Each time a line of the listing holds "intro", copy that line.

Content starts

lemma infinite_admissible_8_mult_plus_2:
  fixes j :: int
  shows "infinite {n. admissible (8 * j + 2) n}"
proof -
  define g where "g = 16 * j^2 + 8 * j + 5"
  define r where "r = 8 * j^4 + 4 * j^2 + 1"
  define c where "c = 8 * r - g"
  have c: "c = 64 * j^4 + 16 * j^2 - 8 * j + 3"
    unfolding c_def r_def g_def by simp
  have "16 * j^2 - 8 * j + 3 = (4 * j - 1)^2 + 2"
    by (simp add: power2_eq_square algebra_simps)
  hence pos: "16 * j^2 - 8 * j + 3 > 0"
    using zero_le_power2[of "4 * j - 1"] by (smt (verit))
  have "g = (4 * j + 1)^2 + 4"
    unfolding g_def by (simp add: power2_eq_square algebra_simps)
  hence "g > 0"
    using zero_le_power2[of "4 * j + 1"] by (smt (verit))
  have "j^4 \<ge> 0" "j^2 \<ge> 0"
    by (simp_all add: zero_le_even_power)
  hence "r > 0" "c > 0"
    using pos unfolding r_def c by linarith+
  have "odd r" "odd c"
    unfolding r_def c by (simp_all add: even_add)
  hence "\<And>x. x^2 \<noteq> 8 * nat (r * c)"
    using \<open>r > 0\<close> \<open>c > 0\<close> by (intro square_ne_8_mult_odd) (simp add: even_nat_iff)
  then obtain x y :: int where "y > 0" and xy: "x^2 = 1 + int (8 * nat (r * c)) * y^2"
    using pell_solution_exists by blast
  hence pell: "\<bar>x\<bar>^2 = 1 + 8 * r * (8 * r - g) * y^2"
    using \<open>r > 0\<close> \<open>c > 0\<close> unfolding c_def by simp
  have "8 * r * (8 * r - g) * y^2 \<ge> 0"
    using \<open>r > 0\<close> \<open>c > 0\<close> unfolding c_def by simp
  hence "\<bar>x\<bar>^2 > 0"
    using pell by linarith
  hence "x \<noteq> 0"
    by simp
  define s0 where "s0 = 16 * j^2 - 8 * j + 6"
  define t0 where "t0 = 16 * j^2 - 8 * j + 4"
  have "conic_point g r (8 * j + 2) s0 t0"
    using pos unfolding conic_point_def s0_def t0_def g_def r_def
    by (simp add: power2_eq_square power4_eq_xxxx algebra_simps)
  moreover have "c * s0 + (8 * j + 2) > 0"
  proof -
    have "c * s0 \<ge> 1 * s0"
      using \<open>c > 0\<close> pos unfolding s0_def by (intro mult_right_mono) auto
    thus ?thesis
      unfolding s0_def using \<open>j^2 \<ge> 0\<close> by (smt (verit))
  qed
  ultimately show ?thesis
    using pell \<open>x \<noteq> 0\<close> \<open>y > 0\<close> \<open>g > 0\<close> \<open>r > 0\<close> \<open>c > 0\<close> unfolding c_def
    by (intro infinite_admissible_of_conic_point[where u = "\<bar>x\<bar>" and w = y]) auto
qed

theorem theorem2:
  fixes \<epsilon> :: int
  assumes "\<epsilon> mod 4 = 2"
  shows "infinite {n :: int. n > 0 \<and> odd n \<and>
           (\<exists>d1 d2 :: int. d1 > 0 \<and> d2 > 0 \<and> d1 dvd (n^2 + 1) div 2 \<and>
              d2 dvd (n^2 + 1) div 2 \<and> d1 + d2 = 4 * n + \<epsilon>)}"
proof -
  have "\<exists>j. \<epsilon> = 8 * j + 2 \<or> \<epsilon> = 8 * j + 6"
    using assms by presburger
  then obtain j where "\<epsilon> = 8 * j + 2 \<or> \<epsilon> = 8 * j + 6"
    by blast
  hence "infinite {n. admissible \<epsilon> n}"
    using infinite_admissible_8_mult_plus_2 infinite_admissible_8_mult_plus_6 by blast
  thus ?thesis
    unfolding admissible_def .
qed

Content ends

→ RESULT FOR THIS EXERCISE
    using \<open>r > 0\<close> \<open>c > 0\<close> by (intro square_ne_8_mult_odd) (simp add: even_nat_iff)
      using \<open>c > 0\<close> pos unfolding s0_def by (intro mult_right_mono) auto
    by (intro infinite_admissible_of_conic_point[where u = "\<bar>x\<bar>" and w = y]) auto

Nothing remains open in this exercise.